- _About this task_
Would you please transcribe, exactly as written, the lines of the entries below starting at the one that holds "Since 0 \<le>" and ending at the one that holds "As the b p are", both included?

- _Data provided_
definition node_output ::
  "nat \<Rightarrow> nat \<Rightarrow> nat \<Rightarrow> nat \<Rightarrow> nat \<Rightarrow> nat \<Rightarrow> (nat \<Rightarrow> real) \<Rightarrow>
   (nat \<Rightarrow> nat \<Rightarrow> real) \<Rightarrow> (nat \<Rightarrow> nat \<Rightarrow> real) \<Rightarrow> nat \<Rightarrow> nat \<Rightarrow> nat \<Rightarrow> real" where
  "node_output m n d N1 N0 B b W X p r c =
     (if r < N1 div m \<and> c < B div d then
        (\<Sum>t < N0 div n. Wtilde N1 N0 m n W ((b p) ^ n) (b p) r t
                         * Xtilde N0 B n d X (b p) ((b p) ^ (m * n)) t c)
      else 0)"

end

theory Submission
  imports Defs "HOL-Computational_Algebra.Polynomial"
begin

text \<open>Entry (r, c) of the output of node p is the value at
  x = b p of a polynomial of degree < m n d + n - 1, whose monomials come from the block products
  W_ij X_j'k with exponent n i + j + (n - 1 - j') + m n k = n (i + m k) + (j + n - 1 - j').
  Since 0 \<le> j + n - 1 - j' \<le> 2 n - 2, the exponent n i + (n - 1) + m n k is reached exactly by the
  terms with j = j', and their coefficient is entry (r, c) of the block S_ik = \<Sum>_j W_ij X_jk.
  As the b p are distinct, m n d + n - 1 outputs determine all coefficients of this polynomial,
  hence all of S, and a decoder is any function inverting this dependence.\<close>

lemma power_sum_coeffs_unique:
  fixes a a' :: "nat \<Rightarrow> 'a::{comm_ring_1, ring_no_zero_divisors}"
  assumes agree: "\<forall>x\<in>A. (\<Sum>e<N. a e * x ^ e) = (\<Sum>e<N. a' e * x ^ e)"
    and "N \<le> card A" and "e < N"
  shows "a e = a' e"
proof -
  define p where "p = (\<Sum>e<N. monom (a e) e)"
  define p' where "p' = (\<Sum>e<N. monom (a' e) e)"
  have "degree p < N" "degree p' < N"
    using \<open>e < N\<close> by (auto simp: p_def p'_def coeff_sum intro!: le_less_trans[OF degree_le, of "N - 1"])
  with \<open>N \<le> card A\<close> have "degree p < card A" "degree p' < card A" by simp_all
  with agree have "p = p'"
    by (intro poly_eqI_degree[of A]) (auto simp: p_def p'_def poly_sum poly_monom)
  then have "coeff p e = coeff p' e" by simp
  with \<open>e < N\<close> show ?thesis by (simp add: p_def p'_def coeff_sum)
qed

lemma sum_powers_group_exponents:
  fixes c :: "'i \<Rightarrow> 'a::comm_semiring_1"
  assumes "finite I" and "\<And>\<iota>. \<iota> \<in> I \<Longrightarrow> f \<iota> < N"
  shows "(\<Sum>\<iota>\<in>I. c \<iota> * x ^ f \<iota>) = (\<Sum>e<N. (\<Sum>\<iota>\<in>{\<iota>\<in>I. f \<iota> = e}. c \<iota>) * x ^ e)"
proof -
  have "(\<Sum>\<iota>\<in>I. c \<iota> * x ^ f \<iota>) = (\<Sum>e<N. \<Sum>\<iota>\<in>{\<iota>\<in>I. f \<iota> = e}. c \<iota> * x ^ f \<iota>)"
    using assms by (intro sum.group[symmetric]) auto
  also have "\<dots> = (\<Sum>e<N. (\<Sum>\<iota>\<in>{\<iota>\<in>I. f \<iota> = e}. c \<iota>) * x ^ e)"
    unfolding sum_distrib_right by (intro sum.cong) auto
  finally show ?thesis .
qed

lemma factors_through_if_determined:
  assumes "\<And>x y. F x = F y \<Longrightarrow> S x = S y"
  shows "\<exists>dec. \<forall>x. dec (F x) = S x"
proof (intro exI allI)
  fix x
  have "F (inv F (F x)) = F x" by (simp add: f_inv_into_f)
  then show "S (inv F (F x)) = S x" by (rule assms)
qed

lemma mult_add_diagonal_offset_eq_iff:
  fixes n A A0 j j' :: nat
  assumes "j < n" "j' < n"
  shows "n * A + (j + (n - 1 - j')) = n * A0 + (n - 1) \<longleftrightarrow> A = A0 \<and> j = j'"
proof
  assume eq: "n * A + (j + (n - 1 - j')) = n * A0 + (n - 1)"
  have "\<not> A0 < A"
  proof
    assume "A0 < A"
    then have "n * A0 + n \<le> n * A" using mult_le_mono2[of "Suc A0" A n] by simp
    with eq assms show False by linarith
  qed
  moreover have "\<not> A < A0"
  proof
    assume "A < A0"
    then have "n * A + n \<le> n * A0" using mult_le_mono2[of "Suc A" A0 n] by simp
    with eq assms show False by linarith
  qed
  ultimately have "A = A0" by simp
  with eq assms show "A = A0 \<and> j = j'" by simp
qed (use assms in simp)

lemma add_mult_eq_add_mult_iff:
  fixes m i i0 k k0 :: nat
  assumes "i < m" "i0 < m"
  shows "i + m * k = i0 + m * k0 \<longleftrightarrow> i = i0 \<and> k = k0"
proof
  assume eq: "i + m * k = i0 + m * k0"
  have "i = (i + m * k) mod m" "i0 = (i0 + m * k0) mod m" using assms by simp_all
  with eq have "i = i0" by simp
  with eq assms show "i = i0 \<and> k = k0" by simp
qed simp
lemma kinematic_residual_eq_0_iff:
  assumes "dt \<noteq> 0" and "j \<le> J"
  shows "kinematic_residual J P0 dt (dX, \<kappa>) j = 0
    \<longleftrightarrow> dX j = (if node J j \<in> P0 then 2 * dt else dt) *\<^sub>R \<kappa> j"
proof -
  have divide_iff: "(1 / dt) *\<^sub>R x = y \<longleftrightarrow> x = dt *\<^sub>R y" for x y :: "real \<times> real"
    using \<open>dt \<noteq> 0\<close> by auto
  show ?thesis
  proof (cases "node J j \<in> P0")
    case True
    then have "kinematic_residual J P0 dt (dX, \<kappa>) j = 0 \<longleftrightarrow> (1 / dt) *\<^sub>R dX j = 2 *\<^sub>R \<kappa> j"
      using \<open>j \<le> J\<close> by (auto simp: kinematic_residual_def Kfrak_lin_def scaleR_2 algebra_simps)
    with True show ?thesis
      by (simp add: divide_iff mult.commute)
  next
    case False
    then have "kinematic_residual J P0 dt (dX, \<kappa>) j = 0 \<longleftrightarrow> (1 / dt) *\<^sub>R dX j = \<kappa> j"
      by (auto simp: kinematic_residual_def Kfrak_lin_def algebra_simps)
    with False show ?thesis
      by (simp add: divide_iff)
  qed
qed

lemma scheme_form_nondegenerate:
  assumes "J > 0" and drho_ne: "\<forall>j\<in>{1..J}. drho J W j \<noteq> 0" and "dt > 0"
    and "per \<longrightarrow> P0 = {}"
    and "(dX, \<kappa>) \<in> Vh_d per J D P0 P1 P2 \<times> Vh per J"
    and tested: "\<forall>w \<in> Vh_d per J D P0 P1 P2 \<times> Vh per J. scheme_form J P0 W dt (dX, \<kappa>) w = 0"
  shows "(dX, \<kappa>) = 0"
proof -
  define r where "r = kinematic_residual J P0 dt (dX, \<kappa>)"
  define c where "c j = (if node J j \<in> P0 then 2 * dt else dt)" for j
  have dX: "dX \<in> Vh per J" "dX \<in> Vh_d per J D P0 P1 P2" and \<kappa>: "\<kappa> \<in> Vh per J"
    using assms(5) by (auto simp: Vh_d_def Vh_d0_def)
  then have "r \<in> Vh per J"
    using kinematic_residual_in_Vh \<open>per \<longrightarrow> P0 = {}\<close> by (simp add: r_def)
  then have "mass J W r r = 0"
    using tested subspace_0[OF subspace_Vh_d]
    by (force simp: scheme_form_def r_def bilinear_rzero[OF bilinear_mass] linear_0[OF linear_ds]
        bilinear_rzero[OF bilinear_l2pc])
  then have dX_eq: "dX j = c j *\<^sub>R \<kappa> j" if "j \<le> J" for j
    using that mass_eq_0_iff[OF \<open>J > 0\<close> drho_ne, of r r] \<open>dt > 0\<close>
      kinematic_residual_eq_0_iff[of dt j J P0 dX \<kappa>] by (simp add: r_def c_def)
  have "c j > 0" for j
    using \<open>dt > 0\<close> by (simp add: c_def)
  then have \<kappa>_dX_nonneg: "\<forall>j\<le>J. 0 \<le> \<kappa> j \<bullet> dX j"
    using dX_eq by (auto intro!: mult_nonneg_nonneg simp: less_imp_le)
  have "mass J W \<kappa> dX + l2pc J (drho J dX) (ds J W dX) = 0"
    using tested dX(2) subspace_0[OF subspace_Vh]
    by (force simp: scheme_form_def bilinear_rzero[OF bilinear_mass])
  then have "mass J W \<kappa> dX = 0"
    using mass_nonneg[OF \<kappa>_dX_nonneg, of W] l2pc_drho_ds_nonneg[of J dX W] by linarith
  then have \<kappa>_dX_0: "\<kappa> j \<bullet> dX j = 0" if "j \<le> J" for j
    using that mass_eq_0_iff[OF \<open>J > 0\<close> drho_ne \<kappa>_dX_nonneg] by blast
  have "\<kappa> j = 0 \<and> dX j = 0" if "j \<le> J" for j
    using \<kappa>_dX_0[OF that] \<open>c j > 0\<close> by (simp add: dX_eq[OF that])
  moreover have "\<kappa> j = 0 \<and> dX j = 0" if "j > J" for j
    using that dX(1) \<kappa> by (simp add: Vh_def)
  ultimately have "\<kappa> j = 0 \<and> dX j = 0" for j
    using not_le by blast
  then show "(dX, \<kappa>) = 0"
    by (simp add: fun_eq_iff zero_prod_def)
qed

- _Answer to the exercise_
  Since 0 \<le> j + n - 1 - j' \<le> 2 n - 2, the exponent n i + (n - 1) + m n k is reached exactly by the
  terms with j = j', and their coefficient is entry (r, c) of the block S_ik = \<Sum>_j W_ij X_jk.
  As the b p are distinct, m n d + n - 1 outputs determine all coefficients of this polynomial,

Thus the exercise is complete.